What the task requires —
Only one stretch of the data below is wanted: the lines starting at the one with "with independent[OF ef(1,3)]" and ending at the one with "then show ?thesis using disjoint[OF", both included, given again exactly.

Data for the task —

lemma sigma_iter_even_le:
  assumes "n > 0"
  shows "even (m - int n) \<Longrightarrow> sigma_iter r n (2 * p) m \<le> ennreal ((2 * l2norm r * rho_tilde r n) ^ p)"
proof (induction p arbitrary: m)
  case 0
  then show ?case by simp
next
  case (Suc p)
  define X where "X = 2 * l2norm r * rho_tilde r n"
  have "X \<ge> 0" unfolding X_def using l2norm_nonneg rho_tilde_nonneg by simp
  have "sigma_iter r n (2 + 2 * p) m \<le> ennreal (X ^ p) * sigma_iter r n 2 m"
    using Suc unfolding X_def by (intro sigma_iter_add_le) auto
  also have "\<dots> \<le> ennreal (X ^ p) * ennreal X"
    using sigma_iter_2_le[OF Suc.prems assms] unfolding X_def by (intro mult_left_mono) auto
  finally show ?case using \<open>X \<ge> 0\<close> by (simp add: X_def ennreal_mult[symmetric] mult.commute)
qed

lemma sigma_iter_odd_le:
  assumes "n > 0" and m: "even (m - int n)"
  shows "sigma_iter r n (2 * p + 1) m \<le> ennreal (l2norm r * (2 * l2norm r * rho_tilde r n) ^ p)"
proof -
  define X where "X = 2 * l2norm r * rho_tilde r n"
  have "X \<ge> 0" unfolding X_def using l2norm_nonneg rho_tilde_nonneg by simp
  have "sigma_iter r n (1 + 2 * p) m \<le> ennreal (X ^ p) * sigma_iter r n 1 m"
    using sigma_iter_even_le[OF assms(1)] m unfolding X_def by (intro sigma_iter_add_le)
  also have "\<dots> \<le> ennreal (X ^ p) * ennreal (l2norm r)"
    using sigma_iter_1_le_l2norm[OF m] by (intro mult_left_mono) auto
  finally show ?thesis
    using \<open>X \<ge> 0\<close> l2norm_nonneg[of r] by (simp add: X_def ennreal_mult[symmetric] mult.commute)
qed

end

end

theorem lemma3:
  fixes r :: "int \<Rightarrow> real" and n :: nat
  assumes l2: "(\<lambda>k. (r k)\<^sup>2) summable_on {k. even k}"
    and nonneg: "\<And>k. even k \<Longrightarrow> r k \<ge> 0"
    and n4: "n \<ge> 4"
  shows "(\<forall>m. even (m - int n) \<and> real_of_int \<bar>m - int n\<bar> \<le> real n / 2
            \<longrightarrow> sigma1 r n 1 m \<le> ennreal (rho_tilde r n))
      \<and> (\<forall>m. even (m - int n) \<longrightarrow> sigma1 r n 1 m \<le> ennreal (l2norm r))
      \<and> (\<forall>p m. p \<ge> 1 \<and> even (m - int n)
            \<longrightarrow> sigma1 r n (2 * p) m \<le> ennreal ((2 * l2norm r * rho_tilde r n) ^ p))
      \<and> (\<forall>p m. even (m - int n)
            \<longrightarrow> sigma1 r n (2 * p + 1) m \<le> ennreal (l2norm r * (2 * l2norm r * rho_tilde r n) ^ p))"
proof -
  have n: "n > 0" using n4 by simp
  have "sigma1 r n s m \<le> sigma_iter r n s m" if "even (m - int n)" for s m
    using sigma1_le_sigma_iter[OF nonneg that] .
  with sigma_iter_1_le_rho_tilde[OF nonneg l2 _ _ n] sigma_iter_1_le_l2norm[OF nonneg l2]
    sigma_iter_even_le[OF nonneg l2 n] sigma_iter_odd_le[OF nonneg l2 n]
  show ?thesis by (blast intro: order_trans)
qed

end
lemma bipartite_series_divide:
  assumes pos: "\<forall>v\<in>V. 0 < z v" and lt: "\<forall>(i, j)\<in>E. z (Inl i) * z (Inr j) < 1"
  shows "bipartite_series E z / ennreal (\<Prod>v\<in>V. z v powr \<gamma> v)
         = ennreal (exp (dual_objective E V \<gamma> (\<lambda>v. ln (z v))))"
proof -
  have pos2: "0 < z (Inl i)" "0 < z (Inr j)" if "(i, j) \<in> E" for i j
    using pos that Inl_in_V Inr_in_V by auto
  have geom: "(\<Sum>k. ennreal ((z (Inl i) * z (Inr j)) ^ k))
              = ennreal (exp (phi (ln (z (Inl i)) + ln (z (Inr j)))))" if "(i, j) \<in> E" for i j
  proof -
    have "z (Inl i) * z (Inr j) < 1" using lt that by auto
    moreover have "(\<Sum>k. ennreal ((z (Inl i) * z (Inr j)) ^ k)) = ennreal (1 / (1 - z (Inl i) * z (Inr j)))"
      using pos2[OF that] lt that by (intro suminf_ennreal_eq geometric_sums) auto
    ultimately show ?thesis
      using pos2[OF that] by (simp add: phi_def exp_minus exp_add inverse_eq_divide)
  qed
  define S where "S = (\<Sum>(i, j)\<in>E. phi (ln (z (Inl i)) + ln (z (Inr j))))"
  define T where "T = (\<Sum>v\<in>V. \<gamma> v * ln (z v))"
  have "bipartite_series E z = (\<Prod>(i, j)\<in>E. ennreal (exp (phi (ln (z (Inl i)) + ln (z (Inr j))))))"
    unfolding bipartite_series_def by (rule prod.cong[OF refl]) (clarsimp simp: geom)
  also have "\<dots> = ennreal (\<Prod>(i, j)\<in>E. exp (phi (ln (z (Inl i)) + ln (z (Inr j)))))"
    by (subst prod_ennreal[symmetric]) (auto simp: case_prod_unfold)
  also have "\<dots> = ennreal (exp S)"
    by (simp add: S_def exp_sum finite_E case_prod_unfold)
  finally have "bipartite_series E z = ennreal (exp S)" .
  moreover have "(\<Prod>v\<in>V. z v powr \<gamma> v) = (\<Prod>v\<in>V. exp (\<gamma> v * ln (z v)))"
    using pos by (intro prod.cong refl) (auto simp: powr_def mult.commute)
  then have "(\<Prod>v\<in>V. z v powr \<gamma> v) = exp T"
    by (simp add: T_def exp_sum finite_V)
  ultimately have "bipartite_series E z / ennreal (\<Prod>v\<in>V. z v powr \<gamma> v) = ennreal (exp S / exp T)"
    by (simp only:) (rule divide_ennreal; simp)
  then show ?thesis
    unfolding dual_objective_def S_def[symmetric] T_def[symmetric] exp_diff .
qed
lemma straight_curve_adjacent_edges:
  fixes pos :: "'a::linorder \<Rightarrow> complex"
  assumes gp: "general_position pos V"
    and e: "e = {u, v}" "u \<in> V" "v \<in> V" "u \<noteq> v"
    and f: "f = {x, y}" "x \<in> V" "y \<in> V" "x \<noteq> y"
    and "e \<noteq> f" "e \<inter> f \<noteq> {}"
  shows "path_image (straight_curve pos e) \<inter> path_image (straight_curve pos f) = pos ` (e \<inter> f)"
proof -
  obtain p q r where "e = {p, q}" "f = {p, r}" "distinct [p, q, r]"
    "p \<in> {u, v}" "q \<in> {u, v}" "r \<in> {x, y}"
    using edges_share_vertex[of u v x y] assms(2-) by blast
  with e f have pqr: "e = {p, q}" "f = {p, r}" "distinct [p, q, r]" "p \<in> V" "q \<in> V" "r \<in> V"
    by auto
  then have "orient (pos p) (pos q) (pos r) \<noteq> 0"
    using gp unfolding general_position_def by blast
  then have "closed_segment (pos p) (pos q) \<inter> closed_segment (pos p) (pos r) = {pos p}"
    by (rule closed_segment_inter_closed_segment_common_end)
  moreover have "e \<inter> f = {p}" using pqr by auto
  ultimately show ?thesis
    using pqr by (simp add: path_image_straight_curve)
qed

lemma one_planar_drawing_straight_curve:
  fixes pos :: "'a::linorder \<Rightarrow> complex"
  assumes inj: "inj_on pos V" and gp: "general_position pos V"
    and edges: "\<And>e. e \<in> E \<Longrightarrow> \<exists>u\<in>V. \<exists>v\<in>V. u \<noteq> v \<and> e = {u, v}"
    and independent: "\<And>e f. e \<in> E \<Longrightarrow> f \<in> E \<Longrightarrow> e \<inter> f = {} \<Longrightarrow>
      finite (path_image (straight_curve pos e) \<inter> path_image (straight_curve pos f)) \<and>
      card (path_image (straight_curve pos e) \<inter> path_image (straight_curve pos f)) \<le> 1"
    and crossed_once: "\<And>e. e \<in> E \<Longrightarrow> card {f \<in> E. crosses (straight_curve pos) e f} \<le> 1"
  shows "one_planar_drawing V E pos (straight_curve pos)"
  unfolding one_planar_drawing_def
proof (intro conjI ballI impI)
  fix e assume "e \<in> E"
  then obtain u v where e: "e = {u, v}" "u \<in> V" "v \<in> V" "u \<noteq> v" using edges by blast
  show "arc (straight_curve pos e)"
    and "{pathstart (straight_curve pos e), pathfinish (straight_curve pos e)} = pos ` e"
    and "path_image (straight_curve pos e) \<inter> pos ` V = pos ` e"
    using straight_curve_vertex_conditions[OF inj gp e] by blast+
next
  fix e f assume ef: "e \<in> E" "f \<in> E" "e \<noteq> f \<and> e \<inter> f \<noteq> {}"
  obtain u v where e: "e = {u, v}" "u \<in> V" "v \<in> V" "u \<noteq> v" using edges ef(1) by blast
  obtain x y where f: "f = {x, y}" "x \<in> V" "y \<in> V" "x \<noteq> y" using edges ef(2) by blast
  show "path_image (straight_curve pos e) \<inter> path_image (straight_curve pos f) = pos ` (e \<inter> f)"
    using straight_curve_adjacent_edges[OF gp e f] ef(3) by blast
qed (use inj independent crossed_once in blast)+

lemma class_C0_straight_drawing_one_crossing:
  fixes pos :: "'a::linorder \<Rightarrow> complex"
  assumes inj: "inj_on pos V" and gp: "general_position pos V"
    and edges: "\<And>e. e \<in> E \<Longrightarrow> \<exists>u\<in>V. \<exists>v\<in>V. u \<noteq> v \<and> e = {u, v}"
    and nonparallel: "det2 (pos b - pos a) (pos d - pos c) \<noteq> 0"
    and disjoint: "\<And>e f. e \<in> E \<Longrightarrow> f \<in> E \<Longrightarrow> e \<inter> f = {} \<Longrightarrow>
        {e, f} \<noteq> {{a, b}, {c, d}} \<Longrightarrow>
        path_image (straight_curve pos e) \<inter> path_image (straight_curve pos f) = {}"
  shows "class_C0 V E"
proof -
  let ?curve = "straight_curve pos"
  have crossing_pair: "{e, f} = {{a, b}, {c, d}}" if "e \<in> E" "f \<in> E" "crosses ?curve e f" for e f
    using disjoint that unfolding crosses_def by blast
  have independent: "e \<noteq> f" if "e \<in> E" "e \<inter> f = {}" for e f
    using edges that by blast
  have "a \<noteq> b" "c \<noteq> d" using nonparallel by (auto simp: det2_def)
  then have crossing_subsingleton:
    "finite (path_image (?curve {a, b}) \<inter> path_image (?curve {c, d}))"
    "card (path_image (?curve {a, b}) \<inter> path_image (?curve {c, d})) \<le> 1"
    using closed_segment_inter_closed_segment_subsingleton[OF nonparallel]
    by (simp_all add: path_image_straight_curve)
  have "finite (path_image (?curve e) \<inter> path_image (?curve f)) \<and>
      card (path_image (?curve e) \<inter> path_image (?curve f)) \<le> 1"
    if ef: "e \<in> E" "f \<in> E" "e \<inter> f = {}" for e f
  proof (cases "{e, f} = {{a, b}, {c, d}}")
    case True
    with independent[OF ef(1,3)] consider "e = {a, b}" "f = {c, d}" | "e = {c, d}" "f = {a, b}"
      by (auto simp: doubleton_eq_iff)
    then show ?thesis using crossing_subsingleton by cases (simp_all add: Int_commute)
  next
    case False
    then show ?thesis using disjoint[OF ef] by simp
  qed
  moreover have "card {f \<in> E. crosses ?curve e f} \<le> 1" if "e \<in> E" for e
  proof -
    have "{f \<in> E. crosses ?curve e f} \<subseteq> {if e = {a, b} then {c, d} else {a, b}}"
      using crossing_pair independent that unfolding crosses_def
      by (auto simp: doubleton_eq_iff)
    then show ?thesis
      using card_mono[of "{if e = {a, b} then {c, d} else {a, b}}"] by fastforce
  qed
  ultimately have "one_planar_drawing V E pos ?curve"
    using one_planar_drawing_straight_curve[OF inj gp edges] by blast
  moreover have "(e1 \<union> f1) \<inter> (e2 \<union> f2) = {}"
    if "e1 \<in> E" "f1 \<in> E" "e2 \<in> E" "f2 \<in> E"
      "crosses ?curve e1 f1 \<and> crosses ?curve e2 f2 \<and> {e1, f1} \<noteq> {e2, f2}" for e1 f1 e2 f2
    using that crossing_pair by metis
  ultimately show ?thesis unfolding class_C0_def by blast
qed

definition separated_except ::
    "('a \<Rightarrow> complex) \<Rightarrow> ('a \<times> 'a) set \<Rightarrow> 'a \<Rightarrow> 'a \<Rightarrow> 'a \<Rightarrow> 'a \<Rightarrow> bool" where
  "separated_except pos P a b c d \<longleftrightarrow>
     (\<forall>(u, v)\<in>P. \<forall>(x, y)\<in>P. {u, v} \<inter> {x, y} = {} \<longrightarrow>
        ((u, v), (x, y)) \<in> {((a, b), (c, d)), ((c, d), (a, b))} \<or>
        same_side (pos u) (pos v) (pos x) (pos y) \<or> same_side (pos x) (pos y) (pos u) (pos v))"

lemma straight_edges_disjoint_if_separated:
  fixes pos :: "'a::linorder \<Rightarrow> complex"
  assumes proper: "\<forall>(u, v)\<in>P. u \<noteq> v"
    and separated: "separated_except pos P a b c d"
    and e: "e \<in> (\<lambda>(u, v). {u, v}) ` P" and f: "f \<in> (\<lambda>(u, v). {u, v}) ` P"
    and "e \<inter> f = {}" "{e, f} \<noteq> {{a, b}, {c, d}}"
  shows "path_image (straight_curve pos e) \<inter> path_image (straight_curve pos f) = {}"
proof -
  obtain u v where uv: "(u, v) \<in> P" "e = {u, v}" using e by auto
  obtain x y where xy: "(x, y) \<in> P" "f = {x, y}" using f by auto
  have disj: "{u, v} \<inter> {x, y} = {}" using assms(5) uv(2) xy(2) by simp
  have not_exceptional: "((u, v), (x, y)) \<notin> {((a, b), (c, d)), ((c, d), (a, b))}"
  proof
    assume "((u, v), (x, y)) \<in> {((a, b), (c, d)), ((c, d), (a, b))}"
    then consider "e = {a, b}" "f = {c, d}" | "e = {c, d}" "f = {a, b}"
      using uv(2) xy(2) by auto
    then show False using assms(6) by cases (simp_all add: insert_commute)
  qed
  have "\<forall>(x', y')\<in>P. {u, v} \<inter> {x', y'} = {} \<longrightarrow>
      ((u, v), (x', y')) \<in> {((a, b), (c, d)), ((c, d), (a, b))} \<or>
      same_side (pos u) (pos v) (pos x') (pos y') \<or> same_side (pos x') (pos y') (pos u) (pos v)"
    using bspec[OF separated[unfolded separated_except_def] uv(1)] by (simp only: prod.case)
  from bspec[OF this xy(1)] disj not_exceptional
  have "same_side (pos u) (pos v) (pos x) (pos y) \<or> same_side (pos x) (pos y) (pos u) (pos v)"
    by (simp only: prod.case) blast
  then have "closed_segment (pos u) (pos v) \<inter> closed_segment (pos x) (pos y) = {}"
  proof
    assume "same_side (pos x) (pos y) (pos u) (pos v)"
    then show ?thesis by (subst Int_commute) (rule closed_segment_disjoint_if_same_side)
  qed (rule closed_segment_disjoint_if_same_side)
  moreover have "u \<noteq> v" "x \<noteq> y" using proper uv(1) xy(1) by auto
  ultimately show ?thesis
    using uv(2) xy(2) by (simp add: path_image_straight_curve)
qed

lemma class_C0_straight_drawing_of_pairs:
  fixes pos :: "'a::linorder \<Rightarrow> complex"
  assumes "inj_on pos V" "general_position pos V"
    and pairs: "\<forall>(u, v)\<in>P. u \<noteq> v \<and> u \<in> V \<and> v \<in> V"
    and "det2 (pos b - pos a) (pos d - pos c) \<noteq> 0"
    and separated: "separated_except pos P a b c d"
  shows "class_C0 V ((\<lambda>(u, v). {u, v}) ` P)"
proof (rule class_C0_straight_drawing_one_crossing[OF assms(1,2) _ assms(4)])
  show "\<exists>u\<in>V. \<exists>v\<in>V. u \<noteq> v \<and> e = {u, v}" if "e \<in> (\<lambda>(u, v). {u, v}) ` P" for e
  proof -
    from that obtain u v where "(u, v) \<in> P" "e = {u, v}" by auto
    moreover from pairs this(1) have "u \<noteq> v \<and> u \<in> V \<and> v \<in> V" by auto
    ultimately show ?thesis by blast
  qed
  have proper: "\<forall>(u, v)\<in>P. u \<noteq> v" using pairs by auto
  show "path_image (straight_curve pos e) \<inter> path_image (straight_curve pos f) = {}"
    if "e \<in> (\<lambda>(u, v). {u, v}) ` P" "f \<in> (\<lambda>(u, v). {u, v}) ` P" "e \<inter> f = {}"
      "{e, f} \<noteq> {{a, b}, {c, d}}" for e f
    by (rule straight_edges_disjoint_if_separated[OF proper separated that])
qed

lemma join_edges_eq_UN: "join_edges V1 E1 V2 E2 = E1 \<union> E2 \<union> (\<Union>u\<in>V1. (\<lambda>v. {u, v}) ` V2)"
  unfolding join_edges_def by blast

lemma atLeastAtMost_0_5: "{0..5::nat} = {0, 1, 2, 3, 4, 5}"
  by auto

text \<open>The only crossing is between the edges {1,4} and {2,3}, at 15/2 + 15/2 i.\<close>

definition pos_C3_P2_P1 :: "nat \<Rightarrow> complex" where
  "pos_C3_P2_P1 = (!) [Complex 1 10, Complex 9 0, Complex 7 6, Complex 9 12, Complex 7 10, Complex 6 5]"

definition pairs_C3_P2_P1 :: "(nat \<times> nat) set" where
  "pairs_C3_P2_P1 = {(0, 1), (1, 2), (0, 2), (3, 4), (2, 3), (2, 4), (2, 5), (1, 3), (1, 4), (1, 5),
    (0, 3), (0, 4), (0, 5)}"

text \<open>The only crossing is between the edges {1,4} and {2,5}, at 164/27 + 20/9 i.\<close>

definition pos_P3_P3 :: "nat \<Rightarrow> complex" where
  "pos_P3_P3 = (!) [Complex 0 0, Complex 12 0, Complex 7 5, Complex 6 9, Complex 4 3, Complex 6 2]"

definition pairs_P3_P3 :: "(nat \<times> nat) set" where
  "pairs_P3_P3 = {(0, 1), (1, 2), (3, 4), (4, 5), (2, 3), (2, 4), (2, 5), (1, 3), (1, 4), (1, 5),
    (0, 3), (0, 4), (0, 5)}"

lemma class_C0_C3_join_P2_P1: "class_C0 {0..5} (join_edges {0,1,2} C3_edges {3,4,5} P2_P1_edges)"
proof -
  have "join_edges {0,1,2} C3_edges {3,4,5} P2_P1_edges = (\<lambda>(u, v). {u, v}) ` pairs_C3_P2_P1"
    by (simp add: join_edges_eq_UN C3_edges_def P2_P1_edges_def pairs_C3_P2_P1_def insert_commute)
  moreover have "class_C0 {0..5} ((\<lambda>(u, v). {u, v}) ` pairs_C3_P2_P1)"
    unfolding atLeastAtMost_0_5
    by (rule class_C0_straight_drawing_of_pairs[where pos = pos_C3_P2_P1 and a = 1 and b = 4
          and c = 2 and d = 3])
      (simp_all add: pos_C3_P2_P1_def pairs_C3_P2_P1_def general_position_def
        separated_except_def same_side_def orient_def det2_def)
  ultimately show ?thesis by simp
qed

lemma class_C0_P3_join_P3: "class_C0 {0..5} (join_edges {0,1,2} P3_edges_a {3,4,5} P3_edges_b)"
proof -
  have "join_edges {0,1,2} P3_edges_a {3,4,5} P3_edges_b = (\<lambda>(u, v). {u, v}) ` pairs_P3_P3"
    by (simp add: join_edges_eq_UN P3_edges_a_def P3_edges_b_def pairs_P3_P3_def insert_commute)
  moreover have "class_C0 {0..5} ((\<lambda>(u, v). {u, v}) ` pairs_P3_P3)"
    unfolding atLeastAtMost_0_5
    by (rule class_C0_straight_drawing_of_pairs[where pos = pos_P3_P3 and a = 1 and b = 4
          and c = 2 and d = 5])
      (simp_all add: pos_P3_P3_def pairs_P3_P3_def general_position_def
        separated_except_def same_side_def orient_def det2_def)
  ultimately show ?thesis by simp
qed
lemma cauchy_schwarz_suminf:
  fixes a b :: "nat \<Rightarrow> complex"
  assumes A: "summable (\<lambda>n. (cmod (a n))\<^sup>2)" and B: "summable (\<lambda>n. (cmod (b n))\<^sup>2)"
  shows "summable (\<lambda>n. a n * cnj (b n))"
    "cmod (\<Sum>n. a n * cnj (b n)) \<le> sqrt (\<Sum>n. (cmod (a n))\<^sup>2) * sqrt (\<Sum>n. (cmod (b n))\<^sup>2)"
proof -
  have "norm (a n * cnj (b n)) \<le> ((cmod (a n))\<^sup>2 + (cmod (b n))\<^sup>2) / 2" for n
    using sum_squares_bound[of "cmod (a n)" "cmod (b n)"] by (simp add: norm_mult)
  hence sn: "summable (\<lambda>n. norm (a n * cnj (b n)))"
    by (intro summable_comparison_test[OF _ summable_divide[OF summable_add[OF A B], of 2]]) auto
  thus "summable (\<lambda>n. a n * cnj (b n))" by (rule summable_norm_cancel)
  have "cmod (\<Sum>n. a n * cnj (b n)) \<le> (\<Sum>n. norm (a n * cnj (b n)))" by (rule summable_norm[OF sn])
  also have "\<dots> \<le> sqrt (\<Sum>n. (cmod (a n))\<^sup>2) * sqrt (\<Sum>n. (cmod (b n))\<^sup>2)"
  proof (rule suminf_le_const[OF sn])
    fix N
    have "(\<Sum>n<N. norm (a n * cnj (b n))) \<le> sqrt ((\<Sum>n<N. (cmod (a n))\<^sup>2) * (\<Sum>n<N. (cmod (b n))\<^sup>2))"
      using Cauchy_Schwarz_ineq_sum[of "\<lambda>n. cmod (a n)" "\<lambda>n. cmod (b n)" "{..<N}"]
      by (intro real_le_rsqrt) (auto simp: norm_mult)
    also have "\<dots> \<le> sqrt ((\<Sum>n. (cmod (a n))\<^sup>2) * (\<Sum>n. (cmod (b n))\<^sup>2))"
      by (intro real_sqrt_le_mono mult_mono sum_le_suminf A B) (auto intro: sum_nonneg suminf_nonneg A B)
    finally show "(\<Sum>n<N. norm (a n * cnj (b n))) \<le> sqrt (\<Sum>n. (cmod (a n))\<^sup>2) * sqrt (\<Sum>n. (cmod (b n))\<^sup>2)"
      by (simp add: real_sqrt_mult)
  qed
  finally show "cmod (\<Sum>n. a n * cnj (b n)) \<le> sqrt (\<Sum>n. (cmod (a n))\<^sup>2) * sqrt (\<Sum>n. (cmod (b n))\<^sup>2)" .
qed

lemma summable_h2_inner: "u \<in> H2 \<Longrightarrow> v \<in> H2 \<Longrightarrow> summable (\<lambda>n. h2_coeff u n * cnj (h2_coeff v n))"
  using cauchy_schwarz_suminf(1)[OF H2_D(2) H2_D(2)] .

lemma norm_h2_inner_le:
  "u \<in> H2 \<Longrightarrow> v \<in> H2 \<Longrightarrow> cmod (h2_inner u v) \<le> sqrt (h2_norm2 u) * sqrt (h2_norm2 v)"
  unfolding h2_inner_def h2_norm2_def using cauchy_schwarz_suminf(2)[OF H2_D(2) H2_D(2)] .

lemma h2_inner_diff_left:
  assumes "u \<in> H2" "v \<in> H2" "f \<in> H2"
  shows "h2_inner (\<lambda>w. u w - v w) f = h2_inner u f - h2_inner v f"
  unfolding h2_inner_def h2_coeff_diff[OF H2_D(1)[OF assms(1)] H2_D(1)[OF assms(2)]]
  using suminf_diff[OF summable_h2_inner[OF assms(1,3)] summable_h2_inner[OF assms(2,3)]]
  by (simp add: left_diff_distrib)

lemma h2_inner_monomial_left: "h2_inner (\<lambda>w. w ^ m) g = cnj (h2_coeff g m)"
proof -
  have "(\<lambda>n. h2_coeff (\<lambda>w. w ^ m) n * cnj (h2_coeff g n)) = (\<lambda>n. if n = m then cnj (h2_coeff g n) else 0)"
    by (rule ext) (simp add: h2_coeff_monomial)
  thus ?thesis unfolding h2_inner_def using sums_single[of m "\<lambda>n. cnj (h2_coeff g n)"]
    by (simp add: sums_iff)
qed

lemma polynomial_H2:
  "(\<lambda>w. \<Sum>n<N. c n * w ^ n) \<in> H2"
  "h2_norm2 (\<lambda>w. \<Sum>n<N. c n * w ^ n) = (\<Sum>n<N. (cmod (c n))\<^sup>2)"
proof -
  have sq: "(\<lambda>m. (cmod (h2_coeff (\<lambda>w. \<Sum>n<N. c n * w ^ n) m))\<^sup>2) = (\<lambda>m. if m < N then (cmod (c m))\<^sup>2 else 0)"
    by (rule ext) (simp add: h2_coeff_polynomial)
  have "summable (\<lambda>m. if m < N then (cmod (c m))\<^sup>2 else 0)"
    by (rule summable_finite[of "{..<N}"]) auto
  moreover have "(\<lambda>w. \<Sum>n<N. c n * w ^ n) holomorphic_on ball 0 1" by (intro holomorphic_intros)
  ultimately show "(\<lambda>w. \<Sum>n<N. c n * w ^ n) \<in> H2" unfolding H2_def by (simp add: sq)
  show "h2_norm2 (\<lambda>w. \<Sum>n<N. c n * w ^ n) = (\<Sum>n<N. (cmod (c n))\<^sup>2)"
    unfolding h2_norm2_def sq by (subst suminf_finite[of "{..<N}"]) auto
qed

The completed task —
    with independent[OF ef(1,3)] consider "e = {a, b}" "f = {c, d}" | "e = {c, d}" "f = {a, b}"
      by (auto simp: doubleton_eq_iff)
    then show ?thesis using crossing_subsingleton by cases (simp_all add: Int_commute)
  next
    case False
    then show ?thesis using disjoint[OF ef] by simp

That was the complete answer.